104-10146-10294: DOCUMENTS

5/17/78: "I have reviewed the recently-discovered documents on Project ZRALERT, concerning exploration and experimentation by the CI staff of the use of hypnotism in certain operational situations...the Agency's interest in hypnotism was alluded to by the Director in his MKULTRA statement before Congress, and references to experiments in this field have appeared in numerous MKULTRA documents...the events described in these (ZRALERT) documents took place in the summer of 1963, a period in the life of the Mexico City Station which is of intense interest to the HSCA."

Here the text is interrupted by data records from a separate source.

lemma (in group_hom) amalgamated_product_vimage:
  assumes AB: "amalgamated_product H A B C" and surj: "h ` carrier G = carrier H"
  shows "amalgamated_product G (h -` A \<inter> carrier G) (h -` B \<inter> carrier G) (h -` C \<inter> carrier G)"
proof -
  have A: "subgroup A H" and B: "subgroup B H" and C: "C = A \<inter> B"
    and gen: "generate H (A \<union> B) = carrier H"
    and nontrivial: "\<And>ws. reduced_amalg_word A B C ws \<Longrightarrow> wprod H ws \<noteq> \<one>\<^bsub>H\<^esub>"
    using AB unfolding amalgamated_product_def by auto
  define E where "E = generate G (h -` A \<inter> carrier G \<union> h -` B \<inter> carrier G)"
  have image_preimage: "h ` (h -` S \<inter> carrier G) = S" if "S \<subseteq> carrier H" for S
    using that unfolding surj [symmetric] by blast
  have "h ` (h -` A \<inter> carrier G \<union> h -` B \<inter> carrier G) = A \<union> B"
    using image_preimage subgroup.subset[OF A] subgroup.subset[OF B] by (simp add: image_Un)
  then have "h ` E = carrier H" using gen generate_img[symmetric] unfolding E_def by auto
  moreover have "kernel G H h \<subseteq> h -` A \<inter> carrier G"
    using subgroup.one_closed[OF A] unfolding kernel_def by auto
  then have "kernel G H h \<subseteq> E" unfolding E_def by (auto intro: generate.incl)
  ultimately have "E = carrier G"
    using subgroup_eq_carrier_if_image_eq G.generate_is_subgroup surj unfolding E_def by auto
  moreover have "wprod G ws \<noteq> \<one>"
    if ws: "reduced_amalg_word (h -` A \<inter> carrier G) (h -` B \<inter> carrier G) (h -` C \<inter> carrier G) ws" for ws
  proof -
    have "h -` C \<inter> carrier G = (h -` A \<inter> carrier G) \<inter> (h -` B \<inter> carrier G)" using C by auto
    then have "reduced_amalg_word A B (A \<inter> B) (map h ws)"
      using ws by (intro reduced_amalg_word_map[where H = "h -` A \<inter> carrier G"]) auto
    moreover have "h (wprod G ws) = wprod H (map h ws)"
      using hom_wprod set_reduced_amalg_word[OF ws] by auto
    ultimately show ?thesis using nontrivial[of "map h ws"] C by auto
  qed
  ultimately show ?thesis
    using subgroup_vimage A B C unfolding amalgamated_product_def E_def by auto
qed

lemma (in group_hom) inj_on_lcos_imp_Int_vimage_trivial:
  assumes C: "subgroup C H" and inj: "inj_on (\<lambda>g. h g <#\<^bsub>H\<^esub> C) S" and "\<one> \<in> S"
  shows "S \<inter> (h -` C \<inter> carrier G) \<subseteq> {\<one>}"
proof
  fix g assume g: "g \<in> S \<inter> (h -` C \<inter> carrier G)"
  have "h g <#\<^bsub>H\<^esub> C = C" using H.coset_join3 C g subgroup.mem_carrier by auto
  also have "\<dots> = h \<one> <#\<^bsub>H\<^esub> C" using H.coset_join3 C subgroup.one_closed by auto
  finally show "g \<in> {\<one>}" using inj_onD[OF inj] g \<open>\<one> \<in> S\<close> by blast
qed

Exhibit G to Petitioner's Reply Brief - Declaration of Alan W. Scheflin, 20 Nov 2011

In 1953, "Dulles issued a memorandum authorizing what was called MKULTRA, which included 149 sub-projects exploring different aspects of how to control a person's mind and behavior...the CIA utilized unwitting citizens in the United States and abroad..." Of the 149 sub-projects, nine directly involved hypnosis. All documentation and records were ordered destroyed by Richard Helms. Only a few thousand pages, mostly financial records, survived. One set of records had in 1954 the CIA's ARTICHOKE team examining the feasibility of an "attempted assassination against a prominent (redacted) politician or if necessary, against an American official."